## PROMPT
Of the entries below, return exactly those lines that fall between the one containing "sorted_wrt (\<lambda>a b." and the one containing "measure_pmf.expectation (topK n K (\<lambda>i.", the two end lines included.

## TASK DATA
- - -
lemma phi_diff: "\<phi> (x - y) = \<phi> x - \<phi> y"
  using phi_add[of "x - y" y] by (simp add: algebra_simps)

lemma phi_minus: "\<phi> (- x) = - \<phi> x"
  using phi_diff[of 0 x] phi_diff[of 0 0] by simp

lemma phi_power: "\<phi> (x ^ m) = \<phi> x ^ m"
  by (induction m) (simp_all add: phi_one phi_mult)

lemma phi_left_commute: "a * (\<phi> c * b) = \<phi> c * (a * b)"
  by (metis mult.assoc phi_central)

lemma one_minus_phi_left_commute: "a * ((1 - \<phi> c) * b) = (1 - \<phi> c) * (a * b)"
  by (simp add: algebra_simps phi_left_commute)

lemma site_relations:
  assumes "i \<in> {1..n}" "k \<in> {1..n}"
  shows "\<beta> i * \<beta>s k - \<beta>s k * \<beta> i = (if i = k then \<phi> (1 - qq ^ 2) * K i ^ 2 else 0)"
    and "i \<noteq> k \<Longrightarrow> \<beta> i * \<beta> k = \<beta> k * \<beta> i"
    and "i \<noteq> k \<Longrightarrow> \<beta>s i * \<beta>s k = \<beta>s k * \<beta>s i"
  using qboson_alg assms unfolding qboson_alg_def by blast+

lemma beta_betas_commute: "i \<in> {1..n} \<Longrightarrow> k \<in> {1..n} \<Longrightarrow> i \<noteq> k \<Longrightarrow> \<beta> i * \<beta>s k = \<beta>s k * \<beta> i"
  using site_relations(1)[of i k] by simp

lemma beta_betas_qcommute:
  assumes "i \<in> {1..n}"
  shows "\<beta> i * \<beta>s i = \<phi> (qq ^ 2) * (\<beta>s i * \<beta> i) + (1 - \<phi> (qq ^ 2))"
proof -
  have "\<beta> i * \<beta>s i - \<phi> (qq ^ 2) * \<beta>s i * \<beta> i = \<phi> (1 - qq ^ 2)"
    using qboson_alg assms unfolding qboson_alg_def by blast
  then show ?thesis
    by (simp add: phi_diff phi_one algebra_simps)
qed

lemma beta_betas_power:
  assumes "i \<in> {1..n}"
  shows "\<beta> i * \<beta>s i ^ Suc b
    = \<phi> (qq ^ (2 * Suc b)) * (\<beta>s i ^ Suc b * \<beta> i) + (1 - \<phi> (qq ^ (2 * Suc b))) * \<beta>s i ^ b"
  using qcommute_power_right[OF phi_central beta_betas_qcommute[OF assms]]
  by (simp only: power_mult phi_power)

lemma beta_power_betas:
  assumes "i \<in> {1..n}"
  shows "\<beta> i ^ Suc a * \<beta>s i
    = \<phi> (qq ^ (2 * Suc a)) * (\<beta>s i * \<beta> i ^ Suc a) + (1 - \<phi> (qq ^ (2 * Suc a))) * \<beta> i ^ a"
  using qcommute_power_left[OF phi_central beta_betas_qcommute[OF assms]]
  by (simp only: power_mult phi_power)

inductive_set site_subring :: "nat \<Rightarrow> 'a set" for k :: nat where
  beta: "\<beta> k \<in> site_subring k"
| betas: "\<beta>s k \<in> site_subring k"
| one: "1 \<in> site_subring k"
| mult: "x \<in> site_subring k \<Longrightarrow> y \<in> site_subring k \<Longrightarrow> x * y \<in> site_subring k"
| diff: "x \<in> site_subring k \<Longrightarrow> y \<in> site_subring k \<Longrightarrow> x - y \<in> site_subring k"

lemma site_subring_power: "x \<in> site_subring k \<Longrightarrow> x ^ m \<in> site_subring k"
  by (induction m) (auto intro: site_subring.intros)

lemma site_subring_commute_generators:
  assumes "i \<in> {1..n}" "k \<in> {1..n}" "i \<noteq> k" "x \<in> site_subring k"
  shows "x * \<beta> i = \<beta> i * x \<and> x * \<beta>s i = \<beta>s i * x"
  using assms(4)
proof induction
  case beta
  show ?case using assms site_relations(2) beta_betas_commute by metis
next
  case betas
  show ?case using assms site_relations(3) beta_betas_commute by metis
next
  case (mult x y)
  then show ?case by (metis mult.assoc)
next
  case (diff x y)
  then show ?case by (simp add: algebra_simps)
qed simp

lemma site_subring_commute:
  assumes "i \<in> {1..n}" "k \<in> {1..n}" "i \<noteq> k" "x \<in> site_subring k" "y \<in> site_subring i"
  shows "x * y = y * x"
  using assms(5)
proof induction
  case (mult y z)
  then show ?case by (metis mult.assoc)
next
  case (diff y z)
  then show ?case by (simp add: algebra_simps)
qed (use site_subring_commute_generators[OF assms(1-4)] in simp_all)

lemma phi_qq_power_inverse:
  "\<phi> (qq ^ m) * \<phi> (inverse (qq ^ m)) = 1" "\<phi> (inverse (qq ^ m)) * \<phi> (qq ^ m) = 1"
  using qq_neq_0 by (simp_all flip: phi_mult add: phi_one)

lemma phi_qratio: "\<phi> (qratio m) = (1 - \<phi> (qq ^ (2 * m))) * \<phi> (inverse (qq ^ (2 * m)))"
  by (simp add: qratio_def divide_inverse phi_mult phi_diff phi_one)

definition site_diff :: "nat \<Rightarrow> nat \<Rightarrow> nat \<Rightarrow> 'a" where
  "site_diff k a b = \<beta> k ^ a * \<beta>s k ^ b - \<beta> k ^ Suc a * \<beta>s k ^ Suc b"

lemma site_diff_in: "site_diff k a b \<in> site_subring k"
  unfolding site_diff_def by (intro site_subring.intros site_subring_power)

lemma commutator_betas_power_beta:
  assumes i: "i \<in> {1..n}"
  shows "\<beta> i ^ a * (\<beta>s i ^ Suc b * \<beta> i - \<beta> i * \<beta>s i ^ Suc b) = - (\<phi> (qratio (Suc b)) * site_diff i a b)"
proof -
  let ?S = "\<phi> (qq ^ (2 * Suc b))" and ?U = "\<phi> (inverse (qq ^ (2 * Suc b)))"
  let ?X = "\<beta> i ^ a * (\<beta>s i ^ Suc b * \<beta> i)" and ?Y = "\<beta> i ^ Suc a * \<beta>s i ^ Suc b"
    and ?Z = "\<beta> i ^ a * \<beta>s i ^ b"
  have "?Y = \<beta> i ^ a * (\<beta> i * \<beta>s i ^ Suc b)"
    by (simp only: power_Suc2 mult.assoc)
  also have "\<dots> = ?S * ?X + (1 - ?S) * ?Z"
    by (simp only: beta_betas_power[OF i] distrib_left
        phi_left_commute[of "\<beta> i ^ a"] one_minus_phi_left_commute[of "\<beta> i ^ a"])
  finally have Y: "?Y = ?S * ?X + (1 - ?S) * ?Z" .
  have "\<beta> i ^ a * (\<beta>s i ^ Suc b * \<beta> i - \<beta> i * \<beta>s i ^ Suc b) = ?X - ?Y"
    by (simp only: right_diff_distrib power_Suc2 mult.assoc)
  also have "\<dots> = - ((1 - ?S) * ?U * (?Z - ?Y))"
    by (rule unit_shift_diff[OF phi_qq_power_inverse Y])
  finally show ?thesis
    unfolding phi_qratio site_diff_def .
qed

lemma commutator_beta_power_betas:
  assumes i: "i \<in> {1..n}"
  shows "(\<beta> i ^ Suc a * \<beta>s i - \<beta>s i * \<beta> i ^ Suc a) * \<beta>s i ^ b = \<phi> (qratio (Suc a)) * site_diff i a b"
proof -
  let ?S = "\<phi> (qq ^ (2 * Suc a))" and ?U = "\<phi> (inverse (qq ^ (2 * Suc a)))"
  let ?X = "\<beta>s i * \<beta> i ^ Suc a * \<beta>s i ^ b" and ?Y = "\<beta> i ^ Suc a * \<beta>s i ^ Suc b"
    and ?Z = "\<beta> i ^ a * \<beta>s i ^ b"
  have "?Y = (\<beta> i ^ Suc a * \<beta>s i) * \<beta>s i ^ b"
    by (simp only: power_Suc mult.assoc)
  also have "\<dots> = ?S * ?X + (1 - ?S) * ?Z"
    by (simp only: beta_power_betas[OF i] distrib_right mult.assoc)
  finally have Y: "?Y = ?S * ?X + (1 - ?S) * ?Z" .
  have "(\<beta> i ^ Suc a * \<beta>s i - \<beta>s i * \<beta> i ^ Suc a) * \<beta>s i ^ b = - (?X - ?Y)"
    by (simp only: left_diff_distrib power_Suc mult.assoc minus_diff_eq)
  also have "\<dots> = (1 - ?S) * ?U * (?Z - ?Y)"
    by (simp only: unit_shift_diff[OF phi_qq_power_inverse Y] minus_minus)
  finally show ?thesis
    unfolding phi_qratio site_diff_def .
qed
- - -
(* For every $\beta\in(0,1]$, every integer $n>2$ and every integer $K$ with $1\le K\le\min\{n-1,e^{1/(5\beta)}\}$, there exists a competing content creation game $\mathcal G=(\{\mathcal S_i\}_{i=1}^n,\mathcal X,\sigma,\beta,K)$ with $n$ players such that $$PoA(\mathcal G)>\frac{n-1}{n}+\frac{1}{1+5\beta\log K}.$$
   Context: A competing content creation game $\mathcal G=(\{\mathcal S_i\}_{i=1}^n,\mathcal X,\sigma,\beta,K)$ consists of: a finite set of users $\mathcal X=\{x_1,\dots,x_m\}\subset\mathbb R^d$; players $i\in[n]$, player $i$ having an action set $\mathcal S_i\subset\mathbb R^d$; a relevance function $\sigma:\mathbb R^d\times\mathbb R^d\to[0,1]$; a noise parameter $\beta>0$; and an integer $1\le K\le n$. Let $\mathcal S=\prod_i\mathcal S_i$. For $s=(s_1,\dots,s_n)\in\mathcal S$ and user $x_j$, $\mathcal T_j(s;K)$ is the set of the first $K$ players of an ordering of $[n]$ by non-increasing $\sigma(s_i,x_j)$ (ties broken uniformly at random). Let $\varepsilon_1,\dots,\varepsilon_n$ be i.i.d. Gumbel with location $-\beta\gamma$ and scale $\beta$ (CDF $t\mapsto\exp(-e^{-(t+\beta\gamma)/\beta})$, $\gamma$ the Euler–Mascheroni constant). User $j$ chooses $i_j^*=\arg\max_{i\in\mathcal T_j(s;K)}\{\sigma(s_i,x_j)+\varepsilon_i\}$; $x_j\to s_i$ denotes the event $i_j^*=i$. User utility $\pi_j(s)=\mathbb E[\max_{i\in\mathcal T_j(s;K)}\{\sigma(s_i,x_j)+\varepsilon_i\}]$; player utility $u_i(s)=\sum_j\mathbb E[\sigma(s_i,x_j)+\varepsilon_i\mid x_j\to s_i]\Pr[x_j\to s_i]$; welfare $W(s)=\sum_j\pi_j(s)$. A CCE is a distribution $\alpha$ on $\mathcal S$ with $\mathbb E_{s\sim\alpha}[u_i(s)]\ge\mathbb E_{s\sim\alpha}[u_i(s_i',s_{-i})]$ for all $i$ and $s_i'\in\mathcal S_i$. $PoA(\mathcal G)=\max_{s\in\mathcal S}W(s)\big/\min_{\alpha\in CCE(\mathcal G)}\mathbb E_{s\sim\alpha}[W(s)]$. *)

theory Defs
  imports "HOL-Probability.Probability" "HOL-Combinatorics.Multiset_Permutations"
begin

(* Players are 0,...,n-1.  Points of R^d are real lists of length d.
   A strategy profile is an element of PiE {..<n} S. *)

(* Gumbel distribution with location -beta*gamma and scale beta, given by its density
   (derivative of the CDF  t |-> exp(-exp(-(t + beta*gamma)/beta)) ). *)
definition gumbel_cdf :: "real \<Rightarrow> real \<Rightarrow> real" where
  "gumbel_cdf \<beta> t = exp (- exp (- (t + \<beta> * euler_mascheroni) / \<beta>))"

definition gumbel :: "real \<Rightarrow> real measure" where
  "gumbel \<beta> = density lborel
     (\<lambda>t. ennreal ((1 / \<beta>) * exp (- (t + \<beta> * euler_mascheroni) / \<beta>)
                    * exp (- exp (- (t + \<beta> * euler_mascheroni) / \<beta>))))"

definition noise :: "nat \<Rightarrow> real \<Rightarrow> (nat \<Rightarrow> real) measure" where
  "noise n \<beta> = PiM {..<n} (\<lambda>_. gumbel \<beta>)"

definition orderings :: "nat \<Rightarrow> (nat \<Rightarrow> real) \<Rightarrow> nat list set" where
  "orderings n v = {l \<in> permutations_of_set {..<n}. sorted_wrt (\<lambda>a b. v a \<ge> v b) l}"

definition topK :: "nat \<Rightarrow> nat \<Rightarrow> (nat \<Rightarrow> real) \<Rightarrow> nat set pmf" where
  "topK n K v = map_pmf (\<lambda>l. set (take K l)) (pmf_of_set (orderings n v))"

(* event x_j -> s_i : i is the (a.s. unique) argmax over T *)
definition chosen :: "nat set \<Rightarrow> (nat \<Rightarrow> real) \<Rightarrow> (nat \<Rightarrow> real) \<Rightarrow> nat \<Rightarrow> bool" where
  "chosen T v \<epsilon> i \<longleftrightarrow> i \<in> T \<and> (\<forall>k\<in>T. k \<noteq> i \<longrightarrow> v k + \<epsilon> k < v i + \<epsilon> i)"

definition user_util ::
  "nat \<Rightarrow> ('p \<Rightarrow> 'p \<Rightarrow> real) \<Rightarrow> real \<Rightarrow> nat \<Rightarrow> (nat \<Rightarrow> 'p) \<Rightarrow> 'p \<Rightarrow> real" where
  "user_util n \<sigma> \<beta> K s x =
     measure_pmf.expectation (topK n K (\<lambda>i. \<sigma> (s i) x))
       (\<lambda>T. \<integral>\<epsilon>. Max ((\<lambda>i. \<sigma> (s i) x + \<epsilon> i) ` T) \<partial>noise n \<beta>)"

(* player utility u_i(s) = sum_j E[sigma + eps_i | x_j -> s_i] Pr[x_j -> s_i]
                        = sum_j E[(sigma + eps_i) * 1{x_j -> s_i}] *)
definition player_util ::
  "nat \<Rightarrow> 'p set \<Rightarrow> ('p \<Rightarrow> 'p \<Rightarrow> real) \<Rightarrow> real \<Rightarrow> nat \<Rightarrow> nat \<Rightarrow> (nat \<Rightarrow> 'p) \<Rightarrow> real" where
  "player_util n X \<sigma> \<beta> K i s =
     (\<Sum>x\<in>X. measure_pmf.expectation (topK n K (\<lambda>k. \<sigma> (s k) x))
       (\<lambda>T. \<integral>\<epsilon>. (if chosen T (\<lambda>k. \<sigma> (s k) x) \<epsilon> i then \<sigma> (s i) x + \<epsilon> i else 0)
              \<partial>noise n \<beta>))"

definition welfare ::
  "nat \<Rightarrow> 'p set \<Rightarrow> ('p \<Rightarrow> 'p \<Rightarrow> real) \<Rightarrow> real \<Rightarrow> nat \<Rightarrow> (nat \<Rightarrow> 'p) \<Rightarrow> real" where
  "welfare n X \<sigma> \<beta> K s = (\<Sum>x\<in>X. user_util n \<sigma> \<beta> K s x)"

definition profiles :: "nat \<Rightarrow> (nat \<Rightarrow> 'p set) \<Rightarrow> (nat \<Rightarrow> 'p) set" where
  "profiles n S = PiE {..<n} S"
- - -
## COMPLETED EXERCISE
  "orderings n v = {l \<in> permutations_of_set {..<n}. sorted_wrt (\<lambda>a b. v a \<ge> v b) l}"

definition topK :: "nat \<Rightarrow> nat \<Rightarrow> (nat \<Rightarrow> real) \<Rightarrow> nat set pmf" where
  "topK n K v = map_pmf (\<lambda>l. set (take K l)) (pmf_of_set (orderings n v))"

(* event x_j -> s_i : i is the (a.s. unique) argmax over T *)
definition chosen :: "nat set \<Rightarrow> (nat \<Rightarrow> real) \<Rightarrow> (nat \<Rightarrow> real) \<Rightarrow> nat \<Rightarrow> bool" where
  "chosen T v \<epsilon> i \<longleftrightarrow> i \<in> T \<and> (\<forall>k\<in>T. k \<noteq> i \<longrightarrow> v k + \<epsilon> k < v i + \<epsilon> i)"

definition user_util ::
  "nat \<Rightarrow> ('p \<Rightarrow> 'p \<Rightarrow> real) \<Rightarrow> real \<Rightarrow> nat \<Rightarrow> (nat \<Rightarrow> 'p) \<Rightarrow> 'p \<Rightarrow> real" where
  "user_util n \<sigma> \<beta> K s x =
     measure_pmf.expectation (topK n K (\<lambda>i. \<sigma> (s i) x))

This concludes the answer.